За рулем по дороге домой, в темноте, он представлял, как сам танцует с Дениз в Грейндж-Холле. «Покружились, поворот, два шага вперед…» Ее лицо озаряет улыбка, ножка притопывает, маленькие ручки лежат на бедрах. Нет – это невозможно, невыносимо, и к тому же он правда испугался внезапной вспышки гнева, которую у нее вызвал. Он ничего не может для нее сделать. Не может заключить в объятия, поцеловать влажный лоб, спать с ней рядом, когда она в этой совсем детской фланелевой пижамке, как в ночь гибели Тапочка. Бросить Оливию было так же немыслимо, как отпилить себе ногу. В любом случае Дениз не захочет выходить за разведенного протестанта, да и он не стерпит ее католичества.

Они теперь мало разговаривали между собой, а дни шли. Он чувствовал исходящую от нее непримиримую холодность, в которой было что-то обличающее. Чего она от него ожидала, на что он заставил ее рассчитывать? И все же если она вскользь отмечала, что к ней заезжал Тони Кьюзио, или упоминала между делом, что была в кино в Портленде, в нем вздымалась ответная холодность и ему приходилось стискивать зубы, чтобы не осведомиться: «Говорите, слишком старомодны для танцев?» В голове у него в такие минуты мелькали слова «милые бранятся – только тешатся», и как же он это ненавидел.

А потом, так же внезапно, она сказала – обращаясь якобы к рыхлому Джерри Маккарти, который в те дни, слушая ее, как-то по-особому приосанивался и расправлял плечи, – но на самом-то деле она обращалась к Генри (он понял это по ее быстрому взгляду и по тому, как нервно она сжала руки):

– Моя мама, когда я еще была очень маленькая, а она тогда еще не заболела, пекла на Рождество такое особенное печенье. Мы его потом украшали глазурью и разноцветной посыпкой. Иногда мне кажется, что это была самая большая радость в моей жизни. – Голос дрогнул, глаза за очками заморгали.

И тогда он понял, что со смертью мужа она пережила еще и смерть собственного детства, она оплакивала утрату единственного своего «я», которое знала; оно ушло, уступив дорогу этой незнакомой, растерянной молодой вдове. И глаза его, поймав ее взгляд, смягчились.

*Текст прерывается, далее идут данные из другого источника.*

lemma qt_spans_complementary_iff:
  fixes M a b c d e h :: "'a::{finite,field_gcd} poly"
  defines "V \<equiv> polys_below (degree M) \<times> polys_below (degree M)"
  assumes sq: "squarefree M" and "normalize M = M"
    and "a dvd M" "c dvd M" "a * c dvd M * b" "d dvd M" "h dvd M" "d * h dvd M * e"
  shows "qt_span M a b c \<inter> qt_span M d e h = {0} \<and> qt_span M a b c + qt_span M d e h = V \<longleftrightarrow>
    gcd d a = 1 \<and> gcd a c = M div lcm d h \<and> gcd d h = M div lcm a c \<and>
    gcd (c div gcd a c) (gcd (h div gcd d h) (a * e - b * d)) = 1"
    (is "?complementary \<longleftrightarrow> ?conditions")
proof -
  have "M \<noteq> 0"
    using sq by auto
  then have "a \<noteq> 0" "c \<noteq> 0" "d \<noteq> 0" "h \<noteq> 0" "lcm a c \<noteq> 0" "lcm d h \<noteq> 0"
    using assms(4,5,7,8) by (auto simp: lcm_eq_0_iff)
  note Int_iff = qt_span_Int_eq_0_iff[OF \<open>M \<noteq> 0\<close> assms(7-9), of a b c]
  note span_iff = qt_span_plus_eq_iff_degree[OF \<open>M \<noteq> 0\<close> assms(4-9), folded V_def]
  show ?thesis
  proof
    assume ?complementary
    then have Int: "qt_span M a b c \<inter> qt_span M d e h = {0}"
      and span: "qt_span M a b c + qt_span M d e h = V"
      by simp_all
    have "degree a + degree c + degree d + degree h = 2 * degree M"
      using span span_iff Int by simp
    then have "gcd a c * lcm d h = M" "gcd d h * lcm a c = M"
      using coprime_conditions_if_qt_span_plus_eq[OF sq assms(4,6,7,9) span[unfolded V_def]]
        gcd_mult_lcm_eq_if_degree_sum[OF \<open>M \<noteq> 0\<close> assms(3) assms(4,5,7,8)]
        gcd_mult_lcm_eq_if_degree_sum[OF \<open>M \<noteq> 0\<close> assms(3) assms(7,8,4,5)]
      by (simp_all add: ac_simps)
    moreover have "M dvd r * a" if "r * a = u * d" "r * b + s * c = u * e + v * h" for r s u v
      using Int Int_iff that by simp
    then have "gcd (c div gcd a c) (gcd (h div gcd d h) (a * e - b * d)) = 1"
      by (rule gcd_cofactors_eq_1_if_trivial_intersection[OF sq assms(5,8)])
    moreover have "gcd d a = 1"
      using coprime_conditions_if_qt_span_plus_eq(1)[OF sq assms(4,6,7,9) span[unfolded V_def]]
      by (metis coprime_commute coprime_iff_gcd_eq_1)
    ultimately show ?conditions
      using \<open>lcm a c \<noteq> 0\<close> \<open>lcm d h \<noteq> 0\<close> by (metis nonzero_mult_div_cancel_right)
  next
    assume conditions: ?conditions
    then have I: "gcd d a = 1"
      and IV: "gcd (c div gcd a c) (gcd (h div gcd d h) (a * e - b * d)) = 1"
      by blast+
    have gcd_lcm: "gcd a c * lcm d h = M" "gcd d h * lcm a c = M"
      using conditions assms(4,5,7,8) by simp_all
    have "M dvd r * a \<and> M dvd r * b + s * c"
      if "r * a = u * d" "r * b + s * c = u * e + v * h" for r s u v
      using dvd_common_combination[OF sq assms(6,9) I gcd_lcm IV that] .
    then have "qt_span M a b c \<inter> qt_span M d e h = {0}"
      using Int_iff by simp
    moreover have "degree a + degree c + degree d + degree h = 2 * degree M"
      using \<open>a \<noteq> 0\<close> \<open>c \<noteq> 0\<close> \<open>d \<noteq> 0\<close> \<open>h \<noteq> 0\<close> gcd_lcm
      by (rule degree_sum_eq_if_gcd_mult_lcm_eq)
    ultimately show ?complementary
      using span_iff by simp
  qed
qed

theorem theorem5p3:
  fixes lam :: "'a::{finite,field_gcd}"
    and m :: nat
    and g11 g12 g22 f11 f12 f22 :: "'a poly"
  assumes m_pos: "m > 0"
    and coprime_mq: "coprime m (card (UNIV :: 'a set))"
    and lam_nz: "lam \<noteq> 0"
    and hg11: "g11 dvd xml m lam" and hg22: "g22 dvd xml m lam"
    and hg12: "g12 = 0 \<or> degree g12 < degree g22"
    and hg: "g11 * g22 dvd xml m lam * g12"
    and hf11: "f11 dvd xml m lam" and hf22: "f22 dvd xml m lam"
    and hf12: "f12 = 0 \<or> degree f12 < degree f22"
    and hf: "f11 * f22 dvd xml m lam * f12"
  shows "is_LCP (2*m) (qt_code m lam g11 g12 g22) (qt_code m lam f11 f12 f22) \<longleftrightarrow>
    (let g = gcd g11 g22; f = gcd f11 f22; g22' = g22 div g; f22' = f22 div f in
      gcd f11 g11 = 1 \<and>
      g = xml m lam div lcm f11 f22 \<and>
      f = xml m lam div lcm g11 g22 \<and>
      gcd g22' (gcd f22' (g11 * f12 - g12 * f11)) = 1)"
proof -
  \<comment> \<open>The degree bounds hg12 and hf12 only normalise the generators.\<close>
  define M where "M = xml m lam"
  have "M \<noteq> 0" "normalize M = M" "degree M = m"
    unfolding M_def using m_pos by (simp_all add: xml_neq_0 normalize_xml degree_xml)
  have "squarefree M"
    unfolding M_def using m_pos of_nat_neq_0_if_coprime_card[OF coprime_mq] lam_nz
    by (rule squarefree_xml)
  have "qt_span M g11 g12 g22 \<subseteq> polys_below m \<times> polys_below m"
    "qt_span M f11 f12 f22 \<subseteq> polys_below m \<times> polys_below m"
    using qt_span_subset_polys_below[OF \<open>M \<noteq> 0\<close>] \<open>degree M = m\<close> by blast+
  then have "is_LCP (2*m) (qt_code m lam g11 g12 g22) (qt_code m lam f11 f12 f22) \<longleftrightarrow>
      qt_span M g11 g12 g22 \<inter> qt_span M f11 f12 f22 = {0} \<and>
      qt_span M g11 g12 g22 + qt_span M f11 f12 f22 = polys_below m \<times> polys_below m"
    unfolding qt_code_def qt_module_eq_qt_span M_def[symmetric] by (rule is_LCP_to_vec_iff)
  also have "\<dots> \<longleftrightarrow>
      gcd f11 g11 = 1 \<and> gcd g11 g22 = M div lcm f11 f22 \<and> gcd f11 f22 = M div lcm g11 g22 \<and>
      gcd (g22 div gcd g11 g22) (gcd (f22 div gcd f11 f22) (g11 * f12 - g12 * f11)) = 1"
    using qt_spans_complementary_iff[OF \<open>squarefree M\<close> \<open>normalize M = M\<close>,
        of g11 g22 g12 f11 f22 f12]
      hg11 hg22 hg hf11 hf22 hf \<open>degree M = m\<close>
    unfolding M_def by simp
  finally show ?thesis
    unfolding M_def Let_def .
qed

end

Этот цикл повторялся вновь и вновь, словно качели – туда-обратно. Впервые за все годы работы фармацевтом он позволил себе снотворное, каждый день опускал таблетку в карман брюк.

– Все в порядке, Дениз? – спрашивал он, когда наставало время закрывать аптеку. И она либо молча надевала куртку, либо говорила, кротко глядя на него: «Все в порядке, Генри. Вот и еще один день прошел».


Дейзи Фостер, вставая петь гимн, поворачивает голову и улыбается ему. Он кивает в ответ и открывает сборник. «Твердыня наша – вечный Бог, Он сила и защита…» Эти слова, эти звуки крошечного хора вселяют в него надежду и одновременно глубокую печаль. «Вы сможете кого-нибудь полюбить, вы научитесь», – сказал он Дениз, когда она подошла к нему в глубине зала в тот весенний день. Сейчас, опуская сборник гимнов в карман на спинке стоящей впереди скамьи и снова садясь, он вспоминает тот последний раз, когда видел ее. Они ездили на север навещать родителей Джерри и по пути заскочили к ним с Оливией. Они были с малышом, Полом. Вот что запомнилось Генри: Джерри говорит что-то саркастическое о том, как Дениз каждый вечер засыпает на тахте, иногда на всю ночь, до утра. Дениз отворачивается, смотрит на залив, плечи ее ссутулены, маленькие груди лишь слегка приподнимают ткань тонкого свитера с высоким воротом, но у нее появился живот, как будто она проглотила половинку баскетбольного мяча. Она больше не девочка, какой была, – девочки не остаются девочками вечно, – а утомленная мать, и ее некогда круглые щеки впали так же сильно, как выпучился живот, словно гравитация жизни уже придавливает ее к земле. Кажется, именно в этот момент Джерри резко сказал: «Дениз, выпрямись. И плечи расправь. – Он посмотрел на Генри и покачал головой: – Вот сколько раз я должен ей это повторять?»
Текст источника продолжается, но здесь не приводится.